Белое солнце дознавателей. Том 4 (СИ) - Ри Тайга. Страница 52
Тетя Софилиана до конца жизни отправляла веера на Юг. Я помню, какие большие ей привозили из города на заказ — разложенные, они занимали почти весь стол в гостинной. Девственно чистые, потому что она расписывала их сама — странными рисунками и символами, рассказывая о том, как ей живется вдали от дома, добр ли к ней выбранный Главой муж, любит ли…

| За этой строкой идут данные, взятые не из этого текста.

lemma closed_loop_integral_zero:
  fixes x h :: "real \<Rightarrow> real"
  assumes x': "\<And>t. t \<in> {0..1} \<Longrightarrow> (x has_real_derivative x' t) (at t within {0..1})"
    and loop: "x 0 = x 1" and h: "continuous_on (x ` {0..1}) h"
  shows "((\<lambda>t. h (x t) * x' t) has_integral 0) {0..1}"
proof -
  obtain m M where mM: "x ` {0..1} = {m..M}"
    using continuous_image_closed_interval[OF _ DERIV_continuous_on[OF x']] by auto
  have "((\<lambda>t. x' t *\<^sub>R h (x t)) has_integral integral {x 0..x 1} h - integral {x 1..x 0} h) {0..1}"
    by (rule has_integral_substitution_general[of "{}"])
      (use mM h x' DERIV_continuous_on[OF x'] in auto)
  then show ?thesis using loop by (simp add: mult.commute)
qed

lemma integral_pos_if_pos_somewhere:
  fixes f :: "real \<Rightarrow> real"
  assumes "a < b" and f: "continuous_on {a..b} f" and nonneg: "\<And>t. t \<in> {a..b} \<Longrightarrow> 0 \<le> f t"
    and t0: "t0 \<in> {a..b}" "0 < f t0"
  shows "0 < integral {a..b} f"
proof -
  have int: "(f has_integral integral {a..b} f) {a..b}"
    using f by (intro integrable_integral integrable_continuous_interval)
  have "integral {a..b} f \<noteq> 0"
  proof
    assume "integral {a..b} f = 0"
    then have I0: "(f has_integral 0) (cbox a b)" using int by simp
    have "f t0 = 0"
      by (rule has_integral_0_cbox_imp_0[of a b f, OF _ _ I0]) (use f nonneg t0 \<open>a < b\<close> in \<open>auto simp: cbox_interval box_real\<close>)
    with t0 show False by simp
  qed
  moreover have "0 \<le> integral {a..b} f"
    by (rule has_integral_nonneg[OF int nonneg])
  ultimately show ?thesis by simp
qed

lemma continuous_nonvanishing_fixed_sign:
  fixes g :: "real \<Rightarrow> real"
  assumes g: "continuous_on {a..b} g" and nz: "\<And>t. t \<in> {a..b} \<Longrightarrow> g t \<noteq> 0"
  shows "(\<forall>t\<in>{a..b}. 0 < g t) \<or> (\<forall>t\<in>{a..b}. g t < 0)"
proof (rule ccontr)
  assume "\<not> ?thesis"
  then obtain s t where st: "s \<in> {a..b}" "t \<in> {a..b}" "0 < g s" "g t < 0"
    using nz by (meson linorder_neqE_linordered_idom)
  have "connected (g ` {a..b})" by (rule connected_continuous_image[OF g connected_Icc])
  then have "{g t..g s} \<subseteq> g ` {a..b}"
    by (rule connected_contains_Icc) (use st in auto)
  then have "0 \<in> g ` {a..b}" using st by auto
  then show False using nz by auto
qed

lemma eq_0_if_abs_le_linear:
  fixes c D \<eta> :: real
  assumes "0 < \<eta>" "\<And>\<xi>. 0 < \<xi> \<Longrightarrow> \<xi> < \<eta> \<Longrightarrow> \<bar>c\<bar> \<le> D * \<xi>"
  shows "c = 0"
proof -
  have "\<bar>c\<bar> \<le> 0 + e" if "0 < e" for e
  proof -
    define \<xi> where "\<xi> = min (\<eta> / 2) (e / (\<bar>D\<bar> + 1))"
    have "0 < \<xi>" "\<xi> < \<eta>" using assms that by (auto simp: \<xi>_def)
    then have "\<bar>c\<bar> \<le> \<bar>D\<bar> * \<xi>" using assms(2) abs_ge_self[of D] by (meson mult_right_mono less_imp_le order_trans)
    also have "\<dots> \<le> \<bar>D\<bar> * (e / (\<bar>D\<bar> + 1))" by (intro mult_left_mono) (auto simp: \<xi>_def)
    also have "\<dots> \<le> e" using that by (simp add: field_simps)
    finally show ?thesis by simp
  qed
  then show ?thesis by (metis abs_ge_zero abs_le_zero_iff field_le_epsilon)
qed

lemma continuous_on_unit_interval_integrable:
  fixes g :: "real \<Rightarrow> real"
  assumes "continuous_on {0..1} g" "t \<in> {0..1}"
  shows "g integrable_on {0..t}"
  using assms by (intro integrable_continuous_interval continuous_on_subset[OF assms(1)]) auto

lemma picard_iterate_difference_bound:
  fixes F :: "real \<Rightarrow> real \<Rightarrow> real" and P :: "nat \<Rightarrow> real \<Rightarrow> real"
  assumes P0: "P 0 = (\<lambda>t. \<xi>)"
    and PSuc: "\<And>n t. P (Suc n) t = \<xi> + integral {0..t} (\<lambda>s. F s (P n s))"
    and cont: "\<And>n. continuous_on {0..1} (\<lambda>s. F s (P n s))"
    and lip: "\<And>s u v. s \<in> {0..1} \<Longrightarrow> \<bar>F s u - F s v\<bar> \<le> L * \<bar>u - v\<bar>" and "0 \<le> L"
    and K: "\<And>s. s \<in> {0..1} \<Longrightarrow> \<bar>F s \<xi>\<bar> \<le> K"
    and t: "t \<in> {0..1}"
  shows "\<bar>P (Suc n) t - P n t\<bar> \<le> K * (L * t) ^ n / fact n"
  using t
proof (induction n arbitrary: t)
  case 0
  have "\<bar>integral {0..t} (\<lambda>s. F s \<xi>)\<bar> \<le> integral {0..t} (\<lambda>s. K)"
    by (rule integral_norm_bound_integral[where 'a=real, simplified])
      (use 0 K continuous_on_unit_interval_integrable[OF cont[of 0] 0] in \<open>auto simp: P0\<close>)
  also have "\<dots> \<le> K"
    using 0 K[of 0] by (simp add: mult_left_le_one_le)
  finally show ?case by (simp add: PSuc P0)
next
  case (Suc n)
  let ?d = "\<lambda>s. F s (P (Suc n) s) - F s (P n s)"
  let ?c = "L * (K * L ^ n / fact n)"
  have "((\<lambda>s. s ^ Suc n / Suc n) has_real_derivative s ^ n) (at s within {0..t})" for s
    by (intro derivative_eq_intros) auto
  then have "((\<lambda>s. s ^ n) has_integral t ^ Suc n / Suc n - 0 ^ Suc n / Suc n) {0..t}"
    using Suc.prems
    by (intro fundamental_theorem_of_calculus) (auto simp: has_real_derivative_iff_has_vector_derivative)
  then have int: "((\<lambda>s. ?c * s ^ n) has_integral ?c * (t ^ Suc n / Suc n)) {0..t}"
    by (intro has_integral_mult_right) simp
  have "P (Suc (Suc n)) t - P (Suc n) t = integral {0..t} ?d"
    unfolding PSuc[of "Suc n" t] PSuc[of n t] using Suc.prems
    by (simp add: integral_diff continuous_on_unit_interval_integrable[OF cont])
  also have "\<bar>\<dots>\<bar> \<le> integral {0..t} (\<lambda>s. ?c * s ^ n)"
  proof (rule integral_norm_bound_integral[where 'a=real, simplified])
    show "?d integrable_on {0..t}"
      using Suc.prems by (intro integrable_diff continuous_on_unit_interval_integrable[OF cont])
    show "(\<lambda>s. ?c * s ^ n) integrable_on {0..t}" using int by blast
    fix s assume "s \<in> {0..t}"
    then have s: "s \<in> {0..1}" using Suc.prems by auto
    have "\<bar>?d s\<bar> \<le> L * \<bar>P (Suc n) s - P n s\<bar>" by (rule lip[OF s])
    also have "\<dots> \<le> L * (K * (L * s) ^ n / fact n)" by (intro mult_left_mono Suc.IH s \<open>0 \<le> L\<close>)
    finally show "\<bar>?d s\<bar> \<le> ?c * s ^ n" by (simp add: power_mult_distrib)
  qed
  also have "\<dots> = ?c * (t ^ Suc n / Suc n)" by (rule integral_unique[OF int])
  also have "\<dots> = K * (L * t) ^ Suc n / fact (Suc n)"
    by (simp add: power_mult_distrib mult_ac)
  finally show ?case .
qed

lemma uniform_limit_compose_lipschitz:
  fixes f :: "'i \<Rightarrow> 'a \<Rightarrow> real" and H :: "'a \<Rightarrow> real \<Rightarrow> real"
  assumes lim: "uniform_limit S f g F"
    and lip: "\<And>s u v. s \<in> S \<Longrightarrow> \<bar>H s u - H s v\<bar> \<le> L * \<bar>u - v\<bar>" and "0 \<le> L"
  shows "uniform_limit S (\<lambda>n s. H s (f n s)) (\<lambda>s. H s (g s)) F"
proof (rule uniform_limitI)
  fix e :: real assume "0 < e"
  then have "0 < e / (L + 1)" using \<open>0 \<le> L\<close> by simp
  with lim have "\<forall>\<^sub>F n in F. \<forall>s\<in>S. dist (f n s) (g s) < e / (L + 1)"
    by (rule uniform_limitD)
  then show "\<forall>\<^sub>F n in F. \<forall>s\<in>S. dist (H s (f n s)) (H s (g s)) < e"
  proof eventually_elim
    case (elim n)
    show ?case
    proof
      fix s assume s: "s \<in> S"
      have "dist (H s (f n s)) (H s (g s)) \<le> L * dist (f n s) (g s)"
        using lip[OF s] by (simp add: dist_real_def)
      also have "\<dots> \<le> L * (e / (L + 1))"
        using elim s \<open>0 \<le> L\<close> by (intro mult_left_mono) auto
      also have "\<dots> < e" using \<open>0 < e\<close> \<open>0 \<le> L\<close> by (simp add: field_simps)
      finally show "dist (H s (f n s)) (H s (g s)) < e" .
    qed
  qed
qed

lemma picard_iterates_converge:
  fixes F :: "real \<Rightarrow> real \<Rightarrow> real" and P :: "nat \<Rightarrow> real \<Rightarrow> real"
  assumes P0: "P 0 = (\<lambda>t. \<xi>)"
    and PSuc: "\<And>n t. P (Suc n) t = \<xi> + integral {0..t} (\<lambda>s. F s (P n s))"
    and cont: "\<And>n. continuous_on {0..1} (\<lambda>s. F s (P n s))"
    and lip: "\<And>s u v. s \<in> {0..1} \<Longrightarrow> \<bar>F s u - F s v\<bar> \<le> L * \<bar>u - v\<bar>" and L: "0 \<le> L"
    and K: "\<And>s. s \<in> {0..1} \<Longrightarrow> \<bar>F s \<xi>\<bar> \<le> K"
  obtains x where "uniform_limit {0..1} P x sequentially"
proof -
  define d where "d n t = P (Suc n) t - P n t" for n t
  have d_bound: "norm (d n t) \<le> K * (L ^ n / fact n)" if t: "t \<in> {0..1}" for n t
  proof -
    have "\<bar>d n t\<bar> \<le> K * (L * t) ^ n / fact n"
      unfolding d_def by (rule picard_iterate_difference_bound[OF P0 PSuc cont lip L K t])
    also have "\<dots> \<le> K * (L ^ n / fact n)"
    proof -
      have "0 \<le> K" using K[of 0] by (meson abs_ge_zero atLeastAtMost_iff order_trans zero_le_one order_refl)
      moreover have "(L * t) ^ n \<le> L ^ n"
        using t L by (intro power_mono) (auto simp: mult_left_le)
      ultimately show ?thesis by (simp add: divide_right_mono mult_left_mono)
    qed
    finally show ?thesis by simp
  qed
  have "summable (\<lambda>n. K * (L ^ n / fact n))"
    using summable_mult[OF summable_exp[of L], of K] by (simp add: divide_inverse mult_ac)
  with d_bound have "uniform_limit {0..1} (\<lambda>n t. \<Sum>i<n. d i t) (\<lambda>t. \<Sum>i. d i t) sequentially"
    by (rule Weierstrass_m_test)
  then have "uniform_limit {0..1} (\<lambda>n t. \<xi> + (\<Sum>i<n. d i t)) (\<lambda>t. \<xi> + (\<Sum>i. d i t)) sequentially"
    by (rule uniform_limit_add[OF uniform_limit_const])
  moreover have "\<xi> + (\<Sum>i<n. d i t) = P n t" for n t
    using sum_lessThan_telescope[of "\<lambda>i. P i t" n] by (simp add: d_def P0)
  ultimately show ?thesis using that by simp
qed
(* Let $M$ be a symmetric homogeneous stable mean having a symmetric asymptotic expansion with coefficients $(a_n)_{n\ge0}$. Then $a_0=1$, $a_1\in\mathbb R$ is arbitrary (free), and for $m\ge2$ $$a_m=\frac{2^{2m-1}}{2^{2m-2}-1}\Big(\frac12\sum_{n=1}^{m-1}a_n\sum_{k=0}^{2m-2n}P[k,2n,\mathbf g]P[2m-2n-k,-2n+1,\mathbf h]+\sum_{n=1}^{m-1}a_n\sum_{k=0}^{m-n}P[k,2n,\mathbf d]P[m-n-k,-2n+1,\mathbf s]\Big),$$ where $\mathbf g=(1,a_1,0,a_2,0,\ldots)$, $\mathbf h=(2,-1,a_1,0,a_2,0,\ldots)$, and $\mathbf d,\mathbf s$ are given by $d_m=-\frac12\sum_{n=0}^m a_n\sum_{k=0}^{2m+1-2n}P[k,2n,\mathbf g]P[2m+1-2n-k,-2n+1,\mathbf h]$ and $s_m=\frac12\sum_{n=0}^m a_n\sum_{k=0}^{2m-2n}P[k,2n,\mathbf g]P[2m-2n-k,-2n+1,\mathbf h]$. In particular all $a_m$, $m\ge2$, are determined by $a_1$ (the right-hand side involves only $a_1,\dots,a_{m-1}$).
   Context: A bi-variate mean is $M:(0,\infty)^2\to(0,\infty)$ with $\min(s,t)\le M(s,t)\le\max(s,t)$; symmetric: $M(s,t)=M(t,s)$; homogeneous: $M(\lambda s,\lambda t)=\lambda M(s,t)$. $M$ is stable if $M(s,t)=M\big(M(s,M(s,t)),M(M(s,t),t)\big)$ for all $s,t>0$. $M$ has a symmetric asymptotic expansion with coefficients $(a_n)$ if for every fixed real $t$ and every $N\ge0$, $M(x-t,x+t)=\sum_{n=0}^Na_nt^{2n}x^{-2n+1}+o(x^{-2N+1})$ as $x\to\infty$. For a sequence $\mathbf b$ with $b_0\ne0$, $r\in\mathbb R$: $P[0,r,\mathbf b]=b_0^r$, $P[n,r,\mathbf b]=\frac1{nb_0}\sum_{k=1}^n(k(1+r)-n)b_kP[n-k,r,\mathbf b]$ ($n\ge1$), the coefficient of $z^n$ in $(\sum_jb_jz^j)^r$. In $\mathbf g$: $g_0=1$, $g_{2k-1}=a_k$, $g_{2k}=0$; in $\mathbf h$: $h_0=2$, $h_1=-1$, $h_{2k}=a_k$, $h_{2k+1}=0$ ($k\ge1$). *)

theory Defs
  imports Complex_Main "HOL-Library.Landau_Symbols"
begin
(* Let $\mathscr H$ be a Hilbert module over $A=M_d(\mathbb C)$. If $S\in\mathscr F(\mathscr H)$ is self-adjoint (with respect to the Hilbert space inner product $\operatorname{tr}[\cdot,\cdot]$), then there exist $\lambda_1,\dots,\lambda_n\in\mathbb R$ and a modular orthonormal family $\{f_1,\dots,f_n\}\subset\mathscr H$ such that $S=\sum_{k=1}^n\lambda_k\, f_k\odot f_k$.
   Context: A Hilbert module over $A=M_d(\mathbb C)$ is a left $A$-module $\mathscr H$ with a map $[\cdot,\cdot]:\mathscr H\times\mathscr H\to A$ such that for all $f,g,h\in\mathscr H$, $a\in A$: $[f+g,h]=[f,h]+[g,h]$; $[af,g]=a[f,g]$; $[g,f]=[f,g]^*$; $[f,f]\ge0$, and $[f,f]=0$ iff $f=0$; and $\mathscr H$ is complete in the norm $f\mapsto\|[f,f]\|^{1/2}$ (equivalently, $\mathscr H$ is a Hilbert space with inner product $\operatorname{tr}[f,g]$). For $f,g\in\mathscr H$, $f\odot g$ is the operator $h\mapsto[h,g]f$, and $\mathscr F(\mathscr H)=\{\sum_{k=1}^n f_k\odot g_k: n\in\mathbb N,\ f_k,g_k\in\mathscr H\}$. A family $\{f_k\}\subset\mathscr H$ is modular orthonormal if $[f_j,f_k]=0$ for $j\ne k$ and each $[f_k,f_k]$ is a minimal (rank-one) projection in $A$. *)

theory Defs
  imports "HOL-Analysis.Analysis"
begin

text \<open>Matrices in A = M_d(C) are represented as complex^'d^'d with 'd a finite type
 of cardinality d. Matrix product is **, identity is mat 1.\<close>

definition cstar :: "complex^'d^'d \<Rightarrow> complex^'d^'d" where
  "cstar a = (\<chi> i j. cnj (a $ j $ i))"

Я любила играть с этими веерами. Тетя позволяла мне — одной из немногих — касаться и танцевать. Именно она начинала учить меня южным танцам, пока не видит мать. Аурелия Хэсау — северная дева клана за хребтом, так и не нашла общего языка со своей невесткой и бдительной тигрицей охраняла детей от чужого тлетворного влияния.
«Слабая» — так иногда презрительно говорила мать о тете, когда думала, что ее никто не слышит. «Бесполезная».
Такие же расписные веера приходили тете в ответ. Вместо свитков и Вестников. И подушечки, и наволочки, и вышитые платки, и кади… так много кади, которые дядя запрещал ей носить.
«Мы на Севере, леди Софи, запомните это».
И тетя слушалась. Ухаживала за домом и зимним садом, проводила редкие алхимические эксперименты, закрываясь в лаборатории — нам говорила, что готовит масла, духи, притирания и особые женские эликсиры.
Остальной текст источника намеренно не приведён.